■ Task brief:
Take the listing below and print exactly the lines starting at the line containing "(tab_term x ([] @ ([] @ (P" and ending at the line containing "ws = concat", both ends included, and no others.

■ Data listing:
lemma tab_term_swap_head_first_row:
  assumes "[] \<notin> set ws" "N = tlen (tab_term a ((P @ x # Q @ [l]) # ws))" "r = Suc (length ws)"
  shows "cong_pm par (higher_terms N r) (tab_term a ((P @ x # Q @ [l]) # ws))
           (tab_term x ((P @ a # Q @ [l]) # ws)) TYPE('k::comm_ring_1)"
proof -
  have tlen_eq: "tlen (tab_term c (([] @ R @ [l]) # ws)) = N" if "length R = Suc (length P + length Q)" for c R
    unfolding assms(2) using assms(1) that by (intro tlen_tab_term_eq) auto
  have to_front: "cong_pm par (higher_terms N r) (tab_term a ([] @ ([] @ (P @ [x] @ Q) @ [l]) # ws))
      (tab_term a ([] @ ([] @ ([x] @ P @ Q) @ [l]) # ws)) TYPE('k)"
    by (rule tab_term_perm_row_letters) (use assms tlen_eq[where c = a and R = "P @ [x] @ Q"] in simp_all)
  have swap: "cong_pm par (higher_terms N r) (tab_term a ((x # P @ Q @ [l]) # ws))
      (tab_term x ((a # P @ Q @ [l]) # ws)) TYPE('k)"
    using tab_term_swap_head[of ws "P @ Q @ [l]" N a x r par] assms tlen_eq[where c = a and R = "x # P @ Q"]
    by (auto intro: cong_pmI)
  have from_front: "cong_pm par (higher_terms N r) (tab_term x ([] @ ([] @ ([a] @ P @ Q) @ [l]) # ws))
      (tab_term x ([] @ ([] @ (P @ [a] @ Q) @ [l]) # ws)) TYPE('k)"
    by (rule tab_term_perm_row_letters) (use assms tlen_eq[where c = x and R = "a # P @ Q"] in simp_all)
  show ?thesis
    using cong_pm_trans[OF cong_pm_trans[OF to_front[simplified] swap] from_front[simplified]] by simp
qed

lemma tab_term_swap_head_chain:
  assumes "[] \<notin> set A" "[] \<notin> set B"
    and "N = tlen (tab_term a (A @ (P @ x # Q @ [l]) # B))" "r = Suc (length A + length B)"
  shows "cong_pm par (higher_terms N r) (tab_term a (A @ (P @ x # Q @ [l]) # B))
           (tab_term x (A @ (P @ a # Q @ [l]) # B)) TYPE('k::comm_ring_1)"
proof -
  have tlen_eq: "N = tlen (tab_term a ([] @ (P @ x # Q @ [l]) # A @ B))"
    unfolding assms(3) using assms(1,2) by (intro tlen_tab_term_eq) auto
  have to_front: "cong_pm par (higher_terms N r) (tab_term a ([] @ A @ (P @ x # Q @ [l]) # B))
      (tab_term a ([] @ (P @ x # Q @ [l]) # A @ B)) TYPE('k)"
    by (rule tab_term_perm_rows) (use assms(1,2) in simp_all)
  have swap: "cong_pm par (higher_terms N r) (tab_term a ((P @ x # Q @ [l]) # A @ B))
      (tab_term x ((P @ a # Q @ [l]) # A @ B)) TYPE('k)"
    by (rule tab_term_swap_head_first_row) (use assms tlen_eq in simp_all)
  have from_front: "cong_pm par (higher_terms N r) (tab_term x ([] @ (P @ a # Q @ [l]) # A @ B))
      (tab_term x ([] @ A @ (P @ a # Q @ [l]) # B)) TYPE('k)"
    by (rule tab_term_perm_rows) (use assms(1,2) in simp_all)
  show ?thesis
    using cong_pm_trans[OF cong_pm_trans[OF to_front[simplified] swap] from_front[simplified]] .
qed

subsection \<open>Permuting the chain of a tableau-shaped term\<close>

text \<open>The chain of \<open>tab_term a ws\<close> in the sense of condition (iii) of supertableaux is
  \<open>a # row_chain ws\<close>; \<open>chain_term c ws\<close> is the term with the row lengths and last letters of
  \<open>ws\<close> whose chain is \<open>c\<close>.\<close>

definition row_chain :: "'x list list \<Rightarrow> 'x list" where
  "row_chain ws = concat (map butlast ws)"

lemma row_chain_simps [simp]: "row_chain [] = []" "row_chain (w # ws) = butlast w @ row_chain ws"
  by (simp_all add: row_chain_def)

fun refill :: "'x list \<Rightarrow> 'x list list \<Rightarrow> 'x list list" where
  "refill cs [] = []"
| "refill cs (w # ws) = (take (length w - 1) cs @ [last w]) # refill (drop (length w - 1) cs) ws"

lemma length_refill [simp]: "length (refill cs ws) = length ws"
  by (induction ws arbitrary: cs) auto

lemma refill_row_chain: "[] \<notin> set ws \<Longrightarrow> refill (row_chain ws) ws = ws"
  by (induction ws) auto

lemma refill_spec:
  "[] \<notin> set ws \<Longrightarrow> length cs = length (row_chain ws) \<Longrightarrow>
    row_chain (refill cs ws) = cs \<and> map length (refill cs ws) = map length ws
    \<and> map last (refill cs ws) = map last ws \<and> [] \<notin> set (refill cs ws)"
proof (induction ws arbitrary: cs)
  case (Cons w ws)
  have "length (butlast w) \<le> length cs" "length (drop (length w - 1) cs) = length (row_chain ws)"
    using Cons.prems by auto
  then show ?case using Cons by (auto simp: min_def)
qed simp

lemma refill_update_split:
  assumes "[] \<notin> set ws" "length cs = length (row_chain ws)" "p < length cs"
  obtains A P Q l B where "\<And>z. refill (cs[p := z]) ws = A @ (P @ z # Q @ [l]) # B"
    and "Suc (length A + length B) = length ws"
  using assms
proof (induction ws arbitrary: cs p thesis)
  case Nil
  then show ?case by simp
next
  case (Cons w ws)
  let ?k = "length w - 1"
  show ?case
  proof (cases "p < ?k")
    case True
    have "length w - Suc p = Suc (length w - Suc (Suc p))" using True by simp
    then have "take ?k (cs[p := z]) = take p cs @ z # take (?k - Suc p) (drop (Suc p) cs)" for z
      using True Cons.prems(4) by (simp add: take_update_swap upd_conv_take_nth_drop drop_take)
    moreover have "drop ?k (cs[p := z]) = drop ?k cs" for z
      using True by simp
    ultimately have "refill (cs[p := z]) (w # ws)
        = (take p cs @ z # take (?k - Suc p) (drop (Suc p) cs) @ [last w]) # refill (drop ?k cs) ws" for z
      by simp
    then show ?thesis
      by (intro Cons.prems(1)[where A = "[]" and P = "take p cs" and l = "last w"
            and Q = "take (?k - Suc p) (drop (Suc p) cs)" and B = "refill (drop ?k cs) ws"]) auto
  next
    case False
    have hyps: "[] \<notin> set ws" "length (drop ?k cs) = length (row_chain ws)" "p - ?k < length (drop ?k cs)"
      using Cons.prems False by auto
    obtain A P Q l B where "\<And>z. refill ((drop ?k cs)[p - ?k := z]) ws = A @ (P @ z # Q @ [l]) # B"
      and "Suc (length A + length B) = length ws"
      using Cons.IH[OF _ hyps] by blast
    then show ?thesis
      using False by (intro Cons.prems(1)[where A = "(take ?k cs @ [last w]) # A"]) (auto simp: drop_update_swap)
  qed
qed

■ Solution for this exercise:
      (tab_term x ([] @ ([] @ (P @ [a] @ Q) @ [l]) # ws)) TYPE('k)"
    by (rule tab_term_perm_row_letters) (use assms tlen_eq[where c = x and R = "a # P @ Q"] in simp_all)
  show ?thesis
    using cong_pm_trans[OF cong_pm_trans[OF to_front[simplified] swap] from_front[simplified]] by simp
qed

lemma tab_term_swap_head_chain:
  assumes "[] \<notin> set A" "[] \<notin> set B"
    and "N = tlen (tab_term a (A @ (P @ x # Q @ [l]) # B))" "r = Suc (length A + length B)"
  shows "cong_pm par (higher_terms N r) (tab_term a (A @ (P @ x # Q @ [l]) # B))
           (tab_term x (A @ (P @ a # Q @ [l]) # B)) TYPE('k::comm_ring_1)"
proof -
  have tlen_eq: "N = tlen (tab_term a ([] @ (P @ x # Q @ [l]) # A @ B))"
    unfolding assms(3) using assms(1,2) by (intro tlen_tab_term_eq) auto
  have to_front: "cong_pm par (higher_terms N r) (tab_term a ([] @ A @ (P @ x # Q @ [l]) # B))
      (tab_term a ([] @ (P @ x # Q @ [l]) # A @ B)) TYPE('k)"
    by (rule tab_term_perm_rows) (use assms(1,2) in simp_all)
  have swap: "cong_pm par (higher_terms N r) (tab_term a ((P @ x # Q @ [l]) # A @ B))
      (tab_term x ((P @ a # Q @ [l]) # A @ B)) TYPE('k)"
    by (rule tab_term_swap_head_first_row) (use assms tlen_eq in simp_all)
  have from_front: "cong_pm par (higher_terms N r) (tab_term x ([] @ (P @ a # Q @ [l]) # A @ B))
      (tab_term x ([] @ A @ (P @ a # Q @ [l]) # B)) TYPE('k)"
    by (rule tab_term_perm_rows) (use assms(1,2) in simp_all)
  show ?thesis
    using cong_pm_trans[OF cong_pm_trans[OF to_front[simplified] swap] from_front[simplified]] .
qed

subsection \<open>Permuting the chain of a tableau-shaped term\<close>

text \<open>The chain of \<open>tab_term a ws\<close> in the sense of condition (iii) of supertableaux is
  \<open>a # row_chain ws\<close>; \<open>chain_term c ws\<close> is the term with the row lengths and last letters of
  \<open>ws\<close> whose chain is \<open>c\<close>.\<close>

definition row_chain :: "'x list list \<Rightarrow> 'x list" where
  "row_chain ws = concat (map butlast ws)"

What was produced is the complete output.